Escrito por José Abelardo Garcia de Meneses*
A imprensa baiana e brasileira tem dedicado recentemente espaço considerável em seus noticiários ao acompanhamento da segunda greve de fome do bispo da diocese de Barra, Dom Luiz Flávio Cappio em protesto contra o Projeto do Governo Federal de Integração do Rio São Francisco com Bacias do Nordeste brasileiro, amplamente conhecido como Projeto de Transposição das Águas do Rio São Francisco.
A greve de fome, coletiva ou individual, tem sido utilizada para sensibilizar as autoridades como forma de protesto ante pontos discordantes em determinadas decisões político-administrativas, quando as reivindicações do militante não são atendidas. Esta atitude extrema tem sido tomada por ativistas políticos, prisioneiros comuns, prisioneiros políticos, trabalhadores, religiosos, cientistas, etc., em defesa de ideologias e propostas políticas e de cunho social. O benefício deste recurso de pressão pode ser individual, mas habitualmente tem sido em favor da coletividade, por isso mesmo tem obtido alcance social que justifica a ampla cobertura jornalística.
A recusa à ingestão de alimentos por qualquer pessoa, ou grupo de pessoas livres, capazes e conscientes, com a finalidade de luta contra uma decisão política, como forma de valorização e de manifestação de seu descontentamento, é direito fundamentado nos chamados direitos de liberdade de expressão garantidos pela Constituição Federal de 1988.
Esta modalidade de protesto que envolve questões políticas, administrativas, legais e médicas enseja reflexões do ponto de vista moral, albergadas no Código de Ética Médica em seu artigo 51 inserido no capítulo dos Direitos Humanos( ), quando veda ao médico desrespeitar a vontade do cidadão alimentando-o contra a sua vontade e determinação. No entanto, há previsão de excepcionalidade na hipótese de risco iminente à vida, quando o médico deve agir em defesa desta, corrigindo os distúrbios que acometem aqueles que se privam da alimentação por longos períodos, quando deixam de ser considerados apenas ativistas ou militantes e passam à condição de paciente, dada a debilidade física e a impossibilidade de manifestar-se. Esta orientação encontra ainda assento no Código Penal brasileiro que também, em sede de exceção de antijuridicidade, dispõe que o médico deve promover o tratamento arbitrário em face do iminente perigo à vida.( )
Importante relevar que o grevista de fome não é um suicida, ele não deseja a sua morte. Se assim fosse poderia utilizar um método menos doloroso de alcançá-la. O que ele pretende é chamar a atenção da sociedade para uma injustiça social, ainda que sob a sua visão de mundo.

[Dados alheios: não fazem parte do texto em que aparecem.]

(* Let $D^p$ be a PDB instance with $D^p\models\mathcal{IC}$, and assume $HG(D^p,\mathcal{IC})$ is the chain $\mathcal{C}=e_1,\dots,e_n$ with $n>1$. Let $\tilde\beta_1\subseteq\beta_1$ and $\tilde\beta_n\subseteq\beta_n$, where $\beta_1,\beta_n$ are the ears of $e_1$ and $e_n$. Then $$p^{\min}_{\mathcal{C}}(\tilde\beta_1\cup\tilde\beta_n)=\max\Big\{0,\ p^{\min}_\emptyset(\tilde\beta_1)+p^{\min}_\emptyset(\tilde\beta_n)-\big[1-p^{\min}_{sub(\mathcal{C})}(\alpha_1\cup(\beta_1\setminus\tilde\beta_1)\cup\alpha_{n-1}\cup(\beta_n\setminus\tilde\beta_n))\big]\Big\},$$ where $p^{\min}_{sub(\mathcal{C})}(\alpha_1\cup(\beta_1\setminus\tilde\beta_1)\cup\alpha_{n-1}\cup(\beta_n\setminus\tilde\beta_n))=\max\{0,\ p^{\min}_{sub(\mathcal{C})}(\alpha_1\cup\alpha_{n-1})+p^{\min}_\emptyset((\beta_1\setminus\tilde\beta_1)\cup(\beta_n\setminus\tilde\beta_n))-1\}$, and for any set of tuples $\gamma$, $p^{\min}_\emptyset(\gamma)=\max\{0,\sum_{t\in\gamma}p(t)-|\gamma|+1\}$.
   Context: A PDB instance $D^p$ is a finite set of tuples, each with a probability $p(t)\in[0,1]$; possible worlds are subsets of its tuples; an interpretation is a probability distribution on possible worlds such that the total probability of worlds containing $t$ is $p(t)$. For a set $\mathcal{IC}$ of denial constraints, a model is an interpretation giving probability $0$ to worlds violating $\mathcal{IC}$; $D^p\models\mathcal{IC}$ iff a model exists. The conflict hypergraph $HG(D^p,\mathcal{IC})$ has the tuples as nodes and, as hyperedges, the minimal sets of tuples $T$ such that every world containing $T$ violates $\mathcal{IC}$. For a set $H$ of hyperedges (sets of tuples) and a set of tuples $X$, $p^{\min}_H(X)$ is the minimum, over all interpretations of $D^p$ that assign probability $0$ to every world containing all nodes of some hyperedge of $H$, of the total probability of the worlds containing all tuples of $X$. A chain is a hypergraph whose hyperedges form a sequence $e_1,\dots,e_n$ in which two hyperedges intersect iff they are consecutive. For a chain, $\alpha_i=e_i\cap e_{i+1}$ ($i\in[1..n-1]$), $\beta_i$ is the set of ears of $e_i$ (nodes belonging to no other hyperedge), and $sub(\mathcal{C})$ is the set of hyperedges $e_2,\dots,e_{n-1}$. *)

theory Defs
  imports Complex_Main
begin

A dificuldade reside em estabelecer o momento em que há passagem da condição de manifestante para a de paciente.
A Declaração de Malta sobre Pessoas em Greve de Fome( ) traz diretrizes aos médicos que assistem aos grevistas de fome as quais em apertada síntese destacamos: respeito à autonomia do cidadão; acompanhamento da pessoa em inanição com avaliação médica regular e registro dos dados verificados; quando possível colher a sua história médica; manter a confidencialidade em obediência ao princípio do segredo profissional; evitar exercer pressão inadequada para suspensão da greve de fome, criando conflitos e constrangimentos; não condicionar o acompanhamento médico à suspensão da greve de fome; evitar qualquer ação coercitiva contra o grevista de fome, seja dos militantes que o cercam ou mesmo dos familiares; informar à família apenas o que for autorizado pelo manifestante; obter uma segunda opinião médica e permitir o acompanhamento deste outro profissional, se for o desejo do grevista; informar em termos claros e compreensíveis ao manifestante das conseqüências clínicas de sua atitude; tratar as possíveis infecções que possam acometer o cidadão, aconselhando-o a aumentar a ingestão de líquidos via oral, ou que aceite a infusão venosa de soluções balanceadas; verificar diariamente a intenção de continuar com a forma de protesto; qualquer tratamento proposto só deve ser administrado com a sua concordância não havendo conflito com a necessidade de intervenção médica, quando advir a inconsciência do paciente visando retirar os danos causados e a recuperação da saúde do manifestante.
A atuação médica encontra assim assento no paternalismo hipocrático, exceção nos dias atuais para as decisões médicas sem a manifestação expressa do paciente. Agindo assim o médico estará repousando a sua atitude nos princípios da beneficência e da não-maleficência em favor da vida, tutelada pelo estado e pela consciência de quem exerce a profissão com honra e dignidade.
* José Abelardo Garcia de Meneses é anestesiologista e presidente do Conselho Regional de Medicina do Estado da Bahia (Cremeb).